Additionally, you can pass the prompt_cache_max_len field in the request body to limit the maximum prefix of the prompt (in tokens) that is considered for caching. It’s rarely needed in real applications but can come in handy for benchmarking the performance of dedicated deployments by passing "prompt_cache_max_len": 0.

Advanced: cache locality for Enterprise deployments

Dedicated deployments on an Enterprise plan allow you to pass an additional hint in the request to improve cache hit rates. First, the deployment needs to be created or updated with an additional flag:
firectl create deployment ... --enable-session-affinity
Then the client can pass an opaque identifier representing a single user or session in the user field of the body or in the x-session-affinity header. Fireworks will try to route requests with the identifier to the same server, further reducing response times. It’s best to choose an identifier that groups requests with long shared prompt prefixes. For example, it can be a chat session with the same user or an assistant working with the same shared context.

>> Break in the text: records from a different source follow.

(* Let $E$ be an unstable torsion free sheaf of rank $r$ on a smooth complex projective variety $X$ of dimension $n$, let $m$ be sufficiently large, $V=H^0(E(m))$, and let $0\subsetneq V_1\subsetneq\cdots\subsetneq V_{t+1}=V$ be the Kempf filtration of $V$. Set $V^i=V_i/V_{i-1}$, $r^i=r_i-r_{i-1}$ and $$v_i=m^{n+1}\frac{r^i\dim V-r\dim V^i}{\dim V^i\dim V}.$$ Then $v_1<v_2<\cdots<v_{t+1}$ (i.e. the associated graph with vertices $(\dim V_i/m^n,\ \frac{m}{\dim V}(r\dim V_i-r_i\dim V))$ is convex).
   Context: Here $r_i$ is the rank of the subsheaf $E_{V_i}\subset E$ generated by $V_i$ under evaluation ($r_0=0$, $V_0=0$). "Sufficiently large" means $E(m)$ globally generated with $h^0(E(m))=P_E(m)$ and $m$ beyond the integer from which $E$ unstable implies the corresponding GIT point is unstable. With $p=\dim V$: a weighted filtration of $V$ is $0\subsetneq V_1\subsetneq\cdots\subsetneq V_{t+1}=V$ with rationals $n_i>0$; $\Gamma_1<\dots<\Gamma_{t+1}$ are determined by $\Gamma_{i+1}-\Gamma_i=pn_i$, $\sum\Gamma_i\dim V^i=0$. The Kempf function $\mu(V_\bullet,n_\bullet)=\sum_{i=1}^tn_i(r\dim V_i-r_i\dim V)/\sqrt{\sum_i\dim V^i\,\Gamma_i^2}$ has (Kempf's theorem) a unique maximizing weighted filtration up to common rescaling of the weights; its underlying filtration is the Kempf filtration of $V$. *)

theory Defs
  imports "HOL-Analysis.Analysis"
begin
(* Let $t>0$ and $k>1$ be constants, and let $p_0,p_1,p_2,p_3$ be real numbers with $0<p_i<1$ and $\sum_{i=0}^{3}p_i=1$. Define $T(n,r)$ for real $n\ge 0$ and integers $r\ge 0$ by $$T(n,r)=\begin{cases}1 & \text{if } n\le t k^r,\\ 1+\sum_{i=0}^{3} T\big(p_i(n-tk^r),\,r+1\big) & \text{if } n> t k^r.\end{cases}$$ Then, as $N\to\infty$, $T(N,0)\in\Theta(N^s)$, where $s$ is the real solution of $\sum_{i=0}^{3}p_i^s=k^s$.
   Context: $T(N,0)$ is the asymptotic space (number of counters) used by a DN-tree with parameters $k$ and $t$ after recording $N$ extent accesses: a tree vertex at level $r$ saturates at threshold $tk^r$, after which further accesses are distributed among its four children with probabilities $p_0,\dots,p_3$ (an R-MAT-type distribution). The parameters $t,k,p_i$ are fixed as $N\to\infty$. *)

theory Defs
  imports Complex_Main "HOL-Library.Landau_Symbols"
begin

definition valid_params :: "real \<Rightarrow> real \<Rightarrow> (nat \<Rightarrow> real) \<Rightarrow> bool" where
  "valid_params t k p \<longleftrightarrow> t > 0 \<and> k > 1 \<and> (\<forall>i<4. 0 < p i \<and> p i < 1)"

text \<open>The space recurrence T(n,r); the guard on the parameters only serves to make the
  function total (termination), it is vacuous under the theorem's hypotheses.\<close>
function T :: "real \<Rightarrow> real \<Rightarrow> (nat \<Rightarrow> real) \<Rightarrow> real \<Rightarrow> nat \<Rightarrow> real" where
  "T t k p n r =
     (if n \<le> t * k ^ r \<or> \<not> valid_params t k p then 1
      else 1 + T t k p (p 0 * (n - t * k ^ r)) (Suc r)
             + T t k p (p 1 * (n - t * k ^ r)) (Suc r)
             + T t k p (p 2 * (n - t * k ^ r)) (Suc r)
             + T t k p (p 3 * (n - t * k ^ r)) (Suc r))"
  by pat_completeness auto

lemma T_term_aux:
  assumes v: "valid_params t k p" and i: "i < 4" and n: "\<not> n \<le> t * k ^ r"
  shows "nat \<lceil>p i * (n - t * k ^ r) / (t * k ^ Suc r)\<rceil> < nat \<lceil>n / (t * k ^ r)\<rceil>"
proof -
  from v have t: "t > 0" and k: "k > 1" and p0: "0 < p i" and p1: "p i < 1"
    using i by (auto simp: valid_params_def)
  define c where "c = t * k ^ r"
  have c: "c > 0" using t k by (simp add: c_def)
  define m where "m = n / c"
  have m: "m > 1" using n c by (simp add: m_def c_def[symmetric] less_divide_eq)
  have n_eq: "n - t * k ^ r = c * (m - 1)"
    using c by (simp add: m_def c_def[symmetric] right_diff_distrib)
  have ck: "t * k ^ Suc r = c * k" by (simp add: c_def)
  have eq: "p i * (n - t * k ^ r) / (t * k ^ Suc r) = p i * (m - 1) / k"
    unfolding n_eq ck using c by simp
  have "p i * (m - 1) / k < m - 1"
  proof -
    have "p i * (m - 1) < m - 1" using p1 m by simp
    also have "m - 1 \<le> k * (m - 1)" using k m by simp
    finally show ?thesis using k by (simp add: field_simps)
  qed
  hence "\<lceil>p i * (m - 1) / k\<rceil> \<le> \<lceil>m - 1\<rceil>" by (intro ceiling_mono) simp
  hence "\<lceil>p i * (m - 1) / k\<rceil> < \<lceil>m\<rceil>" by simp
  moreover have "p i * (m - 1) / k > 0" using p0 m k by simp
  hence "\<lceil>p i * (m - 1) / k\<rceil> \<ge> 0" by linarith
  ultimately have "\<lceil>p i * (m - 1) / k\<rceil> < \<lceil>m\<rceil>" "0 \<le> \<lceil>p i * (m - 1) / k\<rceil>" by auto
  hence "nat \<lceil>p i * (m - 1) / k\<rceil> < nat \<lceil>m\<rceil>" by linarith
  thus ?thesis unfolding eq m_def c_def .
qed

termination
  apply (relation "measure (\<lambda>(t, k, p, n, r). nat \<lceil>n / (t * k ^ r)\<rceil>)")
  apply (simp_all only: wf_measure in_measure prod.case de_Morgan_disj not_not)
  apply (rule T_term_aux; simp)+
  done

end

theory Submission
  imports Defs
begin

text \<open>Measure sizes in units of the threshold, \<open>m = n / (t k^r)\<close>. A saturated vertex of
  scaled size \<open>m > 1\<close> has four children of scaled sizes \<open>(p\<^sub>i / k)(m - 1)\<close>, and the
  defining equation of \<open>s\<close> says exactly that the weights \<open>(p\<^sub>i / k)\<^sup>s\<close> sum to 1. Since
  \<open>0 < s \<le> 1\<close>, the function \<open>m\<^sup>s\<close> is subadditive, so \<open>m\<^sup>s \<le> 1 + \<Sum> (p\<^sub>i / k)\<^sup>s (m - 1)\<^sup>s\<close>,
  and induction along the recursion gives \<open>T \<ge> m\<^sup>s\<close>. Conversely \<open>C m\<^sup>s - 1/3\<close> is an upper
  bound for all scaled sizes above a fixed cutoff, by the same induction.\<close>

lemma powr_add_le_add_powr:
  fixes a b s :: real
  assumes "a \<ge> 0" "b \<ge> 0" "0 < s" "s \<le> 1"
  shows "(a + b) powr s \<le> a powr s + b powr s"
proof (cases "a + b = 0")
  case True
  then show ?thesis using assms by auto
next
  case False
  then have ab: "a + b > 0" using assms by linarith
  have frac: "x / (a + b) \<le> (x / (a + b)) powr s" if "0 \<le> x" "x \<le> a + b" for x
  proof (cases "x = 0")
    case False
    then have "0 < x / (a + b)" "x / (a + b) \<le> 1" using that ab by auto
    then have "(x / (a + b)) powr 1 \<le> (x / (a + b)) powr s"
      using assms by (intro powr_mono') auto
    then show ?thesis using \<open>0 < x / (a + b)\<close> that ab by simp
  qed simp
  have "1 = a / (a + b) + b / (a + b)" using ab by (simp add: add_divide_distrib[symmetric])
  also have "\<dots> \<le> (a / (a + b)) powr s + (b / (a + b)) powr s"
    using frac[of a] frac[of b] assms by auto
  also have "\<dots> = (a powr s + b powr s) / (a + b) powr s"
    using assms ab by (simp add: powr_divide add_divide_distrib)
  finally show ?thesis using ab by (simp add: field_simps)
qed

lemma sum_powr_divide_eq_1:
  fixes k s :: real
  assumes "k > 0" and "\<forall>i\<in>A. p i \<ge> 0" and "(\<Sum>i\<in>A. p i powr s) = k powr s"
  shows "(\<Sum>i\<in>A. (p i / k) powr s) = 1"
proof -
  have "(\<Sum>i\<in>A. (p i / k) powr s) = (\<Sum>i\<in>A. p i powr s) / k powr s"
    using assms(1,2) by (simp add: powr_divide sum_divide_distrib)
  then show ?thesis using assms(1,3) by simp
qed

lemma sum_powr_eq_powr_imp_pos:
  fixes k s :: real
  assumes "finite A" and "card A \<ge> 2" and "k > 1"
    and "\<forall>i\<in>A. 0 < p i \<and> p i \<le> 1" and "(\<Sum>i\<in>A. p i powr s) = k powr s"
  shows "s > 0"
proof (rule ccontr)
  assume "\<not> s > 0"
  then have "1 \<le> p i powr s" if "i \<in> A" for i
    using assms(4) that powr_mono'[of s 0 "p i"] by fastforce
  then have "real (card A) \<le> (\<Sum>i\<in>A. p i powr s)"
    using sum_mono[of A "\<lambda>_. 1 :: real"] by simp
  moreover have "k powr s \<le> k powr 0"
    using assms(3) \<open>\<not> s > 0\<close> by (intro powr_mono) auto
  ultimately show False using assms(2,3,5) by simp
qed

lemma sum_powr_eq_powr_imp_le_1:
  fixes k s :: real
  assumes "k > 1" and "\<forall>i\<in>A. 0 < p i \<and> p i \<le> 1" and "sum p A = 1"
    and "(\<Sum>i\<in>A. p i powr s) = k powr s"
  shows "s \<le> 1"
proof (rule ccontr)
  assume "\<not> s \<le> 1"
  then have "p i powr s \<le> p i" if "i \<in> A" for i
    using assms(2) that powr_mono'[of 1 s "p i"] by fastforce
  then have "(\<Sum>i\<in>A. p i powr s) \<le> 1"
    using sum_mono[of A "\<lambda>i. p i powr s" p] assms(3) by simp
  moreover have "k powr 1 < k powr s"
    using assms(1) \<open>\<not> s \<le> 1\<close> by (intro powr_less_mono) auto
  ultimately show False using assms(1,4) by simp
qed

declare T.simps[simp del]

lemma valid_paramsD:
  assumes "valid_params t k p"
  shows "t > 0" and "k > 1" and "i < 4 \<Longrightarrow> 0 < p i" and "i < 4 \<Longrightarrow> p i < 1"
  using assms by (auto simp: valid_params_def)

lemma T_below_threshold:
  assumes "n \<le> t * k ^ r"
  shows "T t k p n r = 1"
  using assms by (subst T.simps) simp

lemma T_above_threshold:
  assumes "valid_params t k p" and "\<not> n \<le> t * k ^ r"
  shows "T t k p n r = 1 + (\<Sum>i<4. T t k p (p i * (n - t * k ^ r)) (Suc r))"
  using assms by (subst T.simps) (simp add: eval_nat_numeral add.assoc)

lemma T_induct [consumes 1, case_names below above]:
  assumes "valid_params t k p"
    and below: "\<And>n r. n \<le> t * k ^ r \<Longrightarrow> P n r"
    and above: "\<And>n r. \<not> n \<le> t * k ^ r \<Longrightarrow>
      (\<And>i. i < 4 \<Longrightarrow> P (p i * (n - t * k ^ r)) (Suc r)) \<Longrightarrow> P n r"
  shows "P n r"
proof -
  have "t' = t \<and> k' = k \<and> p' = p \<longrightarrow> P n r" for t' k' p'
  proof (induction t' k' p' n r rule: T.induct)
    case (1 t' k' p' n r)
    show ?case
    proof (intro impI, elim conjE)
      assume params: "t' = t" "k' = k" "p' = p"
      show "P n r"
      proof (cases "n \<le> t * k ^ r")
        case True
        then show ?thesis by (rule below)
      next
        case False
        have "P (p i * (n - t * k ^ r)) (Suc r)" if "i < 4" for i
          using that 1 False assms(1) params by (auto simp: less_Suc_eq numeral_eq_Suc)
        with False show ?thesis by (rule above)
      qed
    qed
  qed
  then show ?thesis by blast
qed

lemma child_size_scaled:
  fixes t k :: real
  assumes "t > 0" and "k > 0"
  shows "q * (n - t * k ^ r) / (t * k ^ Suc r) = q / k * (n / (t * k ^ r) - 1)"
  using assms by (simp add: field_simps)

lemma T_ge_scaled_powr:
  assumes v: "valid_params t k p" and s: "0 < s" "s \<le> 1"
    and w: "(\<Sum>i<4. (p i / k) powr s) = 1"
    and "n \<ge> 0"
  shows "(n / (t * k ^ r)) powr s \<le> T t k p n r"
  using v \<open>n \<ge> 0\<close>
proof (induction n r rule: T_induct)
  case (below n r)
  have "0 < t * k ^ r" using valid_paramsD(1,2)[OF v] by simp
  with below have "0 \<le> n / (t * k ^ r)" "n / (t * k ^ r) \<le> 1" by auto
  then have "(n / (t * k ^ r)) powr s \<le> 1"
    using s powr_mono2[of s "n / (t * k ^ r)" 1] by simp
  then show ?case using T_below_threshold[OF below(1)] by simp
next
  case (above n r)
  note t = valid_paramsD(1)[OF v] and k = valid_paramsD(2)[OF v]
    and p = valid_paramsD(3,4)[OF v]
  define m where "m = n / (t * k ^ r)"
  have m: "m > 1" using above(1) t k by (simp add: m_def not_le)
  have child: "(p i / k) powr s * (m - 1) powr s \<le> T t k p (p i * (n - t * k ^ r)) (Suc r)"
    if i: "i < 4" for i
  proof -
    have "p i * (n - t * k ^ r) / (t * k ^ Suc r) = p i / k * (m - 1)"
      unfolding m_def using t k by (intro child_size_scaled) auto
    moreover have "0 \<le> p i * (n - t * k ^ r)" using p[OF i] above(1) by simp
    ultimately have "(p i / k * (m - 1)) powr s \<le> T t k p (p i * (n - t * k ^ r)) (Suc r)"
      using above(2)[OF i] by simp
    moreover have "(p i / k * (m - 1)) powr s = (p i / k) powr s * (m - 1) powr s"
      using p[OF i] k m by (subst powr_mult) auto
    ultimately show ?thesis by simp
  qed
  have "m powr s \<le> 1 + (m - 1) powr s"
    using powr_add_le_add_powr[of 1 "m - 1" s] s m by simp
  also have "\<dots> = 1 + (\<Sum>i<4. (p i / k) powr s * (m - 1) powr s)"
    using w by (simp add: sum_distrib_right[symmetric])
  also have "\<dots> \<le> T t k p n r"
    using sum_mono[of "{..<4}", OF child] T_above_threshold[OF v above(1)] by simp
  finally show ?case by (simp add: m_def)
qed

lemma T_le_5:
  assumes v: "valid_params t k p" and n: "n \<le> 2 * (t * k ^ r)"
  shows "T t k p n r \<le> 5"
proof (cases "n \<le> t * k ^ r")
  case True
  then show ?thesis by (simp add: T_below_threshold)
next
  case False
  note t = valid_paramsD(1)[OF v] and k = valid_paramsD(2)[OF v]
    and p = valid_paramsD(3,4)[OF v]
  have "T t k p (p i * (n - t * k ^ r)) (Suc r) = 1" if i: "i < 4" for i
  proof (rule T_below_threshold)
    have "p i * (n - t * k ^ r) \<le> 1 * (t * k ^ r)"
      using p[OF i] n False by (intro mult_mono) auto
    also have "\<dots> \<le> t * k ^ Suc r" using t k by simp
    finally show "p i * (n - t * k ^ r) \<le> t * k ^ Suc r" .
  qed
  then show ?thesis using T_above_threshold[OF v False] by simp
qed
lemma pauli_correlation_sum:
  "(\<Sum>k\<in>{1..3}. \<Sum>l\<in>{1..3}. Re (pauli_expect a k l) * Re (pauli_expect b k l))
    = 2 * (cmod (inner4 a b))\<^sup>2 - sq_norm4 a * sq_norm4 b + 2 * (cmod (flip_form a b))\<^sup>2"
proof -
  have "of_real (\<Sum>k\<in>{1..3}. \<Sum>l\<in>{1..3}. Re (pauli_expect a k l) * Re (pauli_expect b k l))
      = (\<Sum>k\<in>{1..3}. \<Sum>l\<in>{1..3}. pauli_expect a k l * pauli_expect b k l)"
    by (simp add: of_real_Re_pauli_expect)
  also have "\<dots> = of_real (2 * (cmod (inner4 a b))\<^sup>2 - sq_norm4 a * sq_norm4 b + 2 * (cmod (flip_form a b))\<^sup>2)"
    unfolding of_real_add of_real_diff of_real_mult sq_norm4_def of_real_sum cmod_power2_eq_cnj_mult
    unfolding sum_atLeast1_atMost3 pauli_expect_table inner4_def flip_form_def
    by (simp add: sum_lessThan_4 algebra_simps)
  finally show ?thesis by (simp only: of_real_eq_iff)
qed

lemma trace_mult_kron2:
  "(\<Sum>m<4. (mat 4 4 f * kron2 X Y) $$ (m, m))
    = (\<Sum>m<4. \<Sum>n<4. f (m, n) * (X $$ (n div 2, m div 2) * Y $$ (n mod 2, m mod 2)))"
  by (simp add: kron2_def scalar_prod_def lessThan_atLeast0)

lemma tcorr_rank2_rho: "tcorr (rank2_rho v) k l = Re (pauli_expect (v 0) k l) + Re (pauli_expect (v 1) k l)"
  unfolding tcorr_def rank2_rho_def trace_mult_kron2 pauli_expect_def
  by (simp add: sum_lessThan_2 distrib_right sum.distrib)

Migration and traffic management

When migrating between deployments that use prompt caching, it’s crucial to implement proper traffic routing to maintain optimal cache hit rates. When gradually routing traffic to a new deployment, use consistent user/session-based sampling rather than random sampling. Here’s the recommended implementation for traffic routing:
import hashlib

# Configure traffic fraction (e.g., 20% to new deployment)
fireworks_traffic_fraction = 0.2
user_id = "session-id-123"

# Generate deterministic hash from user_id
hashed_user_id = int(hashlib.md5(user_id.encode()).hexdigest(), 16) # MD5 hash on user-id and convert to integer
MAX_HASH = 2**128 - 1  # MD5 hash maximum value

# Compute ratio for consistent routing
ratio = hashed_user_id / MAX_HASH # Returns 0.0 to 1.0

if (ratio < fireworks_traffic_fraction):
    send_to_new_deployment(user=hashed_user_id)  # Pass user ID for caching
else:
    send_elsewhere()  # Route to old deployment or serverless
Avoid random sampling for traffic routing as it can negatively impact cache hit rates:
# Don't do this:
if random() < fireworks_traffic_fraction:  # ❌ Reduces cache effectiveness
  send_to_new_deployment(user=hashed_user_id)
Using consistent user-based routing ensures complete user sessions are maintained on the same deployment, optimizing prompt cache performance regardless of the traffic fraction.